John 20:19-31, Divine Mercy Sunday

“The Incredulity of St. Thomas” is a beautiful painting that is inspired by the Gospel reading today. Painted by Caravaggio in 1602, it is one of his more famous works, supposedly copied at least 22 times in the 17th century alone. Originally done for Vincenzo Giustiniani, it is now housed in Sansscouci — a museum in Potsdam, Germany.
Amidst the euphoria of the resurrection, Cavaraggio brings us to the complexity and ambivalence of such an experience while pointing to the practical hope emerging from the rough grounds where the ordinary people in his paintings live.
Let me try to dissect Caravaggio’s painting.
First is the sense of emotional conflict depicted in the wrinkled foreheads and troubled faces of the three disciples. While the finger of Thomas explores the wounds, Jesus also winces at its impact. In both respects, what Caravaggio intended to convey was the intense psychological tension that serves as the immediate context of the Resurrection.
It was not easy for the disciples after the death of Jesus. Politically, there might have been those who were intent on rounding up his followers. One thus understands Peter’s earlier insistent denials. Or why they all dispersed in a hurry and left him alone. Even if this fear resulted from paranoia after a harsh tragedy, the disciples were also very tired, frustrated, angry, guilty and in deep emotional pain over their great loss. Caravaggio’s winces and wrinkled faces convey all these internal struggles most clearly.

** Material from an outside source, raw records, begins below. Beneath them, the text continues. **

(* Let $(\Sigma,\theta)$ be a Noetherian space. The tree topology on the set $T(\Sigma)$ of finite trees over $\Sigma$ is the least fixed point of the map $K$ sending a topology $\tau$ on $T(\Sigma)$ to the topology generated by the sets $\uparrow_{\le_T}U\langle V\rangle$ with $U\in\theta$ and $V$ open in $T(\Sigma)^*$ for the subword topology induced by $\tau$; moreover $K$ is a topology expander.
   Context: A finite tree over $\Sigma$ is $a\langle t_1\cdots t_n\rangle$ with $a\in\Sigma$, $n\ge0$ and $t_i$ finite trees. $\le$ is the specialisation preorder of $\theta$. For a topological space $(A,\sigma)$, the subword topology on $A^*$ is generated by $A^*U_1A^*\cdots A^*U_nA^*$ with $U_i\in\sigma$; Higman's ordering $\le^*$ on $A^*$ relative to a preorder on $A$: $u\le^*w$ iff a strictly increasing map $h$ of positions satisfies $u_i\le w_{h(i)}$. Kruskal's embedding $\le_T$ on $T(\Sigma)$: $s\le_T t$ iff, writing $t=a\langle t_1\cdots t_n\rangle$, either $s\le_T t_i$ for some $i$, or $s=b\langle s_1\cdots s_m\rangle$ with $b\le a$ and $s_1\cdots s_m\le_T^* t_1\cdots t_n$. For $U\subseteq\Sigma$, $V\subseteq T(\Sigma)^*$, $U\langle V\rangle$ is the set of trees $a\langle w\rangle$ with $a\in U$, $w\in V$; $\diamond U\langle V\rangle$ is the set of trees having a subtree in $U\langle V\rangle$. The tree topology is the coarsest topology $\tau$ on $T(\Sigma)$ such that $\diamond U\langle V\rangle$ is open for every $U\in\theta$ and every $V$ open in the subword topology on $T(\Sigma)^*$ built from $\tau$. Noetherian: every subset compact. A refinement function is a map from topologies on a set $X$ to topologies on $X$, monotone and preserving Noetherianity; $\tau|_H$ is the topology generated by $\{U\cap H:U\in\tau\}$; a topology expander is a refinement function $R$ with $R(\tau)|_H=R(\tau|_H)|_H$ for all Noetherian $\tau\subseteq R(\tau)$ and all $H$ closed in $\tau$. *)

theory Defs
  imports "HOL-Analysis.Abstract_Topology" "HOL-Library.Sublist"
begin

datatype 'a ftree = Node 'a "'a ftree list"

definition gen_top :: "'b set set \<Rightarrow> 'b topology" where
  "gen_top S = topology_generated_by (insert UNIV S)"

definition top_on_univ :: "'b topology \<Rightarrow> bool" where
  "top_on_univ \<tau> \<longleftrightarrow> topspace \<tau> = UNIV"

definition coarser :: "'b topology \<Rightarrow> 'b topology \<Rightarrow> bool" where
  "coarser \<tau>1 \<tau>2 \<longleftrightarrow> (\<forall>S. openin \<tau>1 S \<longrightarrow> openin \<tau>2 S)"

definition noetherian :: "'b topology \<Rightarrow> bool" where
  "noetherian \<tau> \<longleftrightarrow> (\<forall>S. S \<subseteq> topspace \<tau> \<longrightarrow> compactin \<tau> S)"

definition spec_le :: "'b topology \<Rightarrow> 'b \<Rightarrow> 'b \<Rightarrow> bool" where
  "spec_le \<theta> x y \<longleftrightarrow> (\<forall>U. openin \<theta> U \<longrightarrow> x \<in> U \<longrightarrow> y \<in> U)"

text \<open>The set A* U1 A* ... A* Un A*.\<close>
definition word_pattern :: "'b set list \<Rightarrow> 'b list set" where
  "word_pattern Us = {w. \<exists>xs. subseq xs w \<and> list_all2 (\<in>) xs Us}"

definition subword_topology :: "'b topology \<Rightarrow> 'b list topology" where
  "subword_topology \<sigma> = gen_top {word_pattern Us | Us. \<forall>U\<in>set Us. openin \<sigma> U}"

inductive tree_emb :: "('a \<Rightarrow> 'a \<Rightarrow> bool) \<Rightarrow> 'a ftree \<Rightarrow> 'a ftree \<Rightarrow> bool"
  for le :: "'a \<Rightarrow> 'a \<Rightarrow> bool" where
  sub: "t \<in> set ts \<Longrightarrow> tree_emb le s t \<Longrightarrow> tree_emb le s (Node a ts)"
| root: "le b a \<Longrightarrow> list_emb (tree_emb le) ss ts \<Longrightarrow> tree_emb le (Node b ss) (Node a ts)"
  monos list_emb_mono

definition node_set :: "'a set \<Rightarrow> 'a ftree list set \<Rightarrow> 'a ftree set" where
  "node_set U V = {Node a w | a w. a \<in> U \<and> w \<in> V}"

fun subtrees :: "'a ftree \<Rightarrow> 'a ftree set" where
  "subtrees (Node a ts) = insert (Node a ts) (\<Union>t\<in>set ts. subtrees t)"

definition diamond :: "'a ftree set \<Rightarrow> 'a ftree set" where
  "diamond S = {t. subtrees t \<inter> S \<noteq> {}}"

definition upclosure :: "('b \<Rightarrow> 'b \<Rightarrow> bool) \<Rightarrow> 'b set \<Rightarrow> 'b set" where
  "upclosure le S = {t. \<exists>s\<in>S. le s t}"

definition tree_top_prop :: "'a topology \<Rightarrow> 'a ftree topology \<Rightarrow> bool" where
  "tree_top_prop \<theta> \<tau> \<longleftrightarrow> (\<forall>U V. openin \<theta> U \<longrightarrow> openin (subword_topology \<tau>) V
       \<longrightarrow> openin \<tau> (diamond (node_set U V)))"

In such a psychological state, the disciples had two options: to resort to violence (of revenge) or to lead a secluded life (in fear). They chose the second. So, when Jesus broke into their isolation, they were in for the surprise of their lives. Yes! But the joyful surprise did not automatically erase the tension in their hearts and the pain in their faces.
One Caravaggio commentator observes that as Thomas looks at the wound of Jesus, his left hand is clutching his own side, as though he too is wounded.
Second detail: there is a sense of realism in the depiction of his characters. Caravaggio, unlike his contemporaries, was not fond of ‘ideal beauty’. His models were street people, prostituted women, beggars, etc. In the painting, the disciples are poor subsistence laborers with worn out hands in their working clothes, not venerable men in flashy robes. There are no halos on their heads; Thomas’ shirt is torn at the seams; and the hand on Jesus’ pierced side is still dirty, perhaps from work.
Laboring men like them could hardly afford the luxury of time for idle speculation and useless ‘what ifs’. Their lives demanded that they be practical and realistic. So the “doubting Thomas” is not at all about intellectual skepticism or agnostic experimentation discussing things endlessly till kingdom come. Thomas’ “doubt” was an honest questioning born out of the exigencies of one’s practical life of the everyday.
Thomas was not wanting in courage. Indeed, he was willing to give up his life. When the disciples were afraid to go back to Jerusalem after John’s death, he said: “Let us also go, that we may die with him” (John 11:16). Tradition has it that he went to as far as Syria and India, and he did die a martyr’s death.
But he was also a practical man. When Jesus told them that he is going to prepare a place for them and shall lead them there, Thomas said: “Lord, we do not know where you are going so how can we know the way?” (John 14: 5). Like men used to living in the rough grounds, he did not like vague metaphysical language. He wanted things laid down in concrete terms. When things were not clear, he asked, like in the Gospel today.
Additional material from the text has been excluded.